Activity: Determine how many lines below include the string "False". Reply with the number only.

### Listed records ###

lemma zloc_poly_integral_multiple:
  fixes q :: "rat poly"
  assumes p: "prime p" and q: "\<forall>i. coeff q i \<in> zloc p"
  shows "\<exists>d Z. d \<noteq> 0 \<and> \<not> p dvd d \<and> of_int_poly Z = smult (of_int d) q"
  using q
proof (induction q)
  case 0
  have "\<not> p dvd 1" using p by (meson not_prime_unit)
  then show ?case by (intro exI[of _ 1] exI[of _ 0]) auto
next
  case (pCons a q)
  have "\<forall>i. coeff q i \<in> zloc p" using pCons.prems by (metis coeff_pCons_Suc)
  with pCons.IH obtain d Z where d: "d \<noteq> 0" "\<not> p dvd d" and Z: "of_int_poly Z = smult (of_int d) q"
    by auto
  have "a \<in> zloc p" using pCons.prems by (metis coeff_pCons_0)
  then obtain s t where t: "t \<noteq> 0" "\<not> p dvd t" and a: "a = of_int s / of_int t"
    unfolding zloc_def by auto
  have "of_int_poly (pCons (s * d) (smult t Z))
      = pCons (of_int (s * d)) (smult (of_int t) (of_int_poly Z) :: rat poly)"
    by (cases "s * d = 0 \<and> smult t Z = 0") (auto simp: map_poly_pCons of_int_hom.map_poly_hom_smult)
  also have "\<dots> = smult (of_int (d * t)) (pCons a q)"
    using t by (simp add: Z a smult_smult ac_simps)
  finally show ?case using d t p
    by (intro exI[of _ "d * t"] exI[of _ "pCons (s * d) (smult t Z)"]) (auto simp: prime_dvd_mult_iff)
qed

lemma irreducible\<^sub>d_root_imp_eq_0:
  fixes F R :: "rat poly" and \<theta> :: "'a :: field_char_0"
  assumes irr: "irreducible\<^sub>d F" and root: "poly (map_poly of_rat F) \<theta> = 0"
    and deg: "degree R < degree F" and R0: "poly (map_poly of_rat R) \<theta> = 0"
  shows "R = 0"
proof (rule ccontr)
  assume nz: "R \<noteq> 0"
  interpret h: map_poly_comm_ring_hom "of_rat :: rat \<Rightarrow> 'a" ..
  define G where "G = gcd R F"
  have G0: "G \<noteq> 0" unfolding G_def using nz by simp
  obtain H where FGH: "F = G * H" using gcd_dvd2[of R F] unfolding G_def by (elim dvdE)
  have H0: "H \<noteq> 0" using FGH irreducible\<^sub>dD(1)[OF irr] by auto
  obtain u v where "u * R + v * F = G"
    using bezout_coefficients_fst_snd[of R F] unfolding G_def by blast
  then have G_root: "poly (map_poly of_rat G) \<theta> = 0"
    by (metis R0 root h.hom_add h.hom_mult poly_add poly_mult mult_zero_right add_0)
  have "degree G \<noteq> 0"
  proof
    assume "degree G = 0"
    then obtain a where G: "G = [:a:]" by (rule degree_eq_zeroE)
    have "map_poly (of_rat :: rat \<Rightarrow> 'a) [:a:] = [:of_rat a:]"
      by (rule poly_eqI) (simp add: coeff_map_poly coeff_pCons split: nat.split)
    with G_root G0 show False unfolding G by simp
  qed
  moreover have "degree G \<le> degree R" unfolding G_def using nz by (intro dvd_imp_degree_le) simp_all
  moreover have "degree F = degree G + degree H" unfolding FGH by (rule degree_mult_eq[OF G0 H0])
  ultimately have "degree G < degree F" and "degree H < degree F" using deg by linarith+
  with irreducible\<^sub>dD(2)[OF irr] FGH show False by blast
qed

###

Your response: 2